We went from talking about this to things happening at speeds that were previously unimaginable.” Califf said a great example is the PCORI-funded Healthcare Worker Exposure Response and Outcomes (HERO) registry research program to engage healthcare workers so researchers can understand their physical and emotional health status or gauge interest in addressing the COVID-19 pandemic or facilitate their enrollment into future studies. He noted that the project went from idea to roll-out in one month. “The NIH Collaboratory and PCORnet have made progress on these issues,” he said, “but not enough at this point.”īut when COVID came along, he added, many regulatory and data-sharing obstacles to gathering real-world evidence vanished because the need for answers is so great.

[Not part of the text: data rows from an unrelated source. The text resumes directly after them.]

lemma gram_left_inverse:
  assumes "finite S" and pd: "pos_def_on S (gram W \<phi>)"
  obtains g where "\<And>\<alpha> j. j \<in> S \<Longrightarrow> \<alpha> j = (\<Sum>w\<in>W. (\<Sum>k\<in>S. \<alpha> k * \<phi> w k) * g j w)"
proof -
  have sym: "\<forall>i\<in>S. \<forall>j\<in>S. gram W \<phi> i j = gram W \<phi> j i"
    by (simp add: gram_def mult.commute)
  have "\<forall>j\<in>S. \<exists>h. \<forall>k\<in>S. (\<Sum>l\<in>S. gram W \<phi> k l * h l) = (if k = j then 1 else 0)"
  proof
    fix j
    show "\<exists>h. \<forall>k\<in>S. (\<Sum>l\<in>S. gram W \<phi> k l * h l) = (if k = j then 1 else 0)"
      using pos_def_on_solvable[OF \<open>finite S\<close> sym pd, of "\<lambda>k. if k = j then 1 else 0"]
      by blast
  qed
  then obtain h where h: "\<And>j k. j \<in> S \<Longrightarrow> k \<in> S \<Longrightarrow>
      (\<Sum>l\<in>S. gram W \<phi> k l * h j l) = (if k = j then 1 else 0)"
    by metis
  show thesis
  proof (rule that)
    fix \<alpha> :: "_ \<Rightarrow> real" and j
    assume "j \<in> S"
    have "\<alpha> j = (\<Sum>k\<in>S. if k = j then \<alpha> k else 0)"
      using \<open>j \<in> S\<close> \<open>finite S\<close> by simp
    also have "\<dots> = (\<Sum>k\<in>S. (\<Sum>l\<in>S. gram W \<phi> k l * h j l) * \<alpha> k)"
      using h[OF \<open>j \<in> S\<close>] by (intro sum.cong) auto
    also have "\<dots> = (\<Sum>k\<in>S. \<Sum>l\<in>S. \<Sum>w\<in>W. (\<alpha> k * \<phi> w k) * (\<phi> w l * h j l))"
      by (simp add: gram_def sum_distrib_left sum_distrib_right mult_ac)
    also have "\<dots> = (\<Sum>w\<in>W. \<Sum>k\<in>S. \<Sum>l\<in>S. (\<alpha> k * \<phi> w k) * (\<phi> w l * h j l))"
      by (simp add: sum.swap[of _ W])
    also have "\<dots> = (\<Sum>w\<in>W. (\<Sum>k\<in>S. \<alpha> k * \<phi> w k) * (\<Sum>l\<in>S. \<phi> w l * h j l))"
      by (simp add: sum_product)
    finally show "\<alpha> j = (\<Sum>w\<in>W. (\<Sum>k\<in>S. \<alpha> k * \<phi> w k) * (\<Sum>l\<in>S. \<phi> w l * h j l))" .
  qed
qed
lemma prob_small_class_le:
  assumes "1 \<le> a" "1 \<le> B" "8 \<le> m0" "m0 \<le> n"
  shows "measure_pmf.prob (colour_process a n)
      {col. \<exists>c\<in>{1..m0}. col c = c \<and> real (class_size c col n) < y}
    \<le> (2 + sqrt n + n * (ln n / 2) powr - a) / B + m0 * (1 - 1 / (4 * B)) ^ (n - m0) * exp y"
proof -
  let ?P = "measure_pmf.prob (colour_process a n)"
  define many where "many = {col. B \<le> real (num_colours col n)}"
  define small where "small c = {col. exp (- y) \<le> class_potential B c n col}" for c
  have "{col. \<exists>c\<in>{1..m0}. col c = c \<and> real (class_size c col n) < y} \<subseteq> many \<union> (\<Union>c\<in>{1..m0}. small c)"
    by (auto simp: many_def small_def class_potential_def)
  then have "?P {col. \<exists>c\<in>{1..m0}. col c = c \<and> real (class_size c col n) < y}
      \<le> ?P (many \<union> (\<Union>c\<in>{1..m0}. small c))"
    by (intro measure_pmf.finite_measure_mono) auto
  also have "\<dots> \<le> ?P many + ?P (\<Union>c\<in>{1..m0}. small c)"
    by (intro measure_Un_le) auto
  also have "\<dots> \<le> ?P many + (\<Sum>c\<in>{1..m0}. ?P (small c))"
    by (intro add_left_mono measure_pmf.finite_measure_subadditive_finite) auto
  finally have union_bound: "?P {col. \<exists>c\<in>{1..m0}. col c = c \<and> real (class_size c col n) < y}
      \<le> ?P many + (\<Sum>c\<in>{1..m0}. ?P (small c))" .
  have "?P many \<le> (2 + (\<Sum>i = 3..n. ln (real i) powr - a)) / B"
    using assms nn_integral_num_colours_le[of a n] sum_nonneg[of "{3..n}" "\<lambda>i. ln (real i) powr - a"]
    by (intro pmf_Markov_inequality[where f = "\<lambda>col. num_colours col n"]) (auto simp: many_def)
  also have "\<dots> \<le> (2 + sqrt n + n * (ln n / 2) powr - a) / B"
    using assms sum_ln_powr_neg_le[of n a] by (intro divide_right_mono) auto
  finally have many_bound: "?P many \<le> (2 + sqrt n + n * (ln n / 2) powr - a) / B" .
  have "?P (small c) \<le> (1 - 1 / (4 * B)) ^ (n - m0) / exp (- y)" if "c \<in> {1..m0}" for c
  proof (rule pmf_Markov_inequality[where f = "class_potential B c n"])
    show "(\<integral>\<^sup>+x. class_potential B c n x \<partial>colour_process a n) \<le> ennreal ((1 - 1 / (4 * B)) ^ (n - m0))"
      using assms that by (intro nn_integral_class_potential_le) auto
    show "0 \<le> (1 - 1 / (4 * B)) ^ (n - m0)"
      using assms(2) by simp
  qed (simp_all add: small_def class_potential_def)
  then have "(\<Sum>c\<in>{1..m0}. ?P (small c)) \<le> (\<Sum>c\<in>{1..m0}. (1 - 1 / (4 * B)) ^ (n - m0) / exp (- y))"
    by (intro sum_mono)
  also have "\<dots> = m0 * (1 - 1 / (4 * B)) ^ (n - m0) * exp y"
    by (simp add: exp_minus field_simps)
  finally show ?thesis using union_bound many_bound by linarith
qed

nih collaboratory grand rounds

He said in some cases the expertise in doing clinical trials at our best health systems is less about designing trials to solve important questions and more about optimizing profitability. The current research paradigm is too slow, too expensive and not reliable and doesn’t answer questions that matter most to patients. “COVID has shined a spotlight on the disparities we have,” he said. He noted that learning from real-world patient experiences can support better informed healthcare decision-making by a range of stakeholders.Īmong the flaws Califf mentioned in our current healthcare system are that a high percentage of decisions are not supported by evidence and that healthcare disparities are getting worse. healthcare system to move more quickly to a system that was envisioned but has not yet been enacted in which evidence generation and clinical practice are more closely linked. “We can make changes to deal with the emergency, hoping we can revert back to the ‘good old days,’ or we can learn from the innovations in this time of crisis and implement changes in the system that are permanent.” He said that would allow the U.S. “My argument is the COVID pandemic gives us basic options to shape the evidence generation ecosystem in recovery,” he stressed. It is going to go on for a while,” Califf said. Speaking during a May 1 presentation to the NIH Collaboratory Grand Rounds, Califf highlighted some of the reasons why our current evidence generation ecosystem, including the capability to run pragmatic clinical trials, is falling short and he offered some potential avenues for change coming out of the response to COVID-19. But he adds that there may be opportunities in the midst of the COVID-19 tragedy to move the system to a better place. Of the 83 requests we fulfilled, 52 consultations guided further research, 17 led to follow up investigations and 10 directly informed patient care.This 3 minute animation summarizes the workflow of the service we offered during the study.Despite progress being made by groups like the NIH Collaboratory and PCORI, our nationwide national clinical research system remains well-intentioned but deeply flawed, says former FDA Commissioner Robert Califf, M.D., head of clinical policy and strategy for Verily Life Sciences and Google Health.

nih collaboratory grand rounds

We responded to 100 consultation requests by 53 users from multiple specialties. Given a specific clinical question, we provided a report with a descriptive summary of similar patients in Stanford’s clinical data warehouse, treatment choices made, and observed outcomes. We used demographics, diagnoses, procedures, medications, laboratory values, clinical notes, mortality, and length of stay information for millions of patients to inform clinical care decisions by summarizing “what happened to patients like mine”. The Informatics Consultation service was an IRB approved project to study the use of routinely collected data on millions of individuals to provide on-demand evidence in those situations where good evidence is lacking.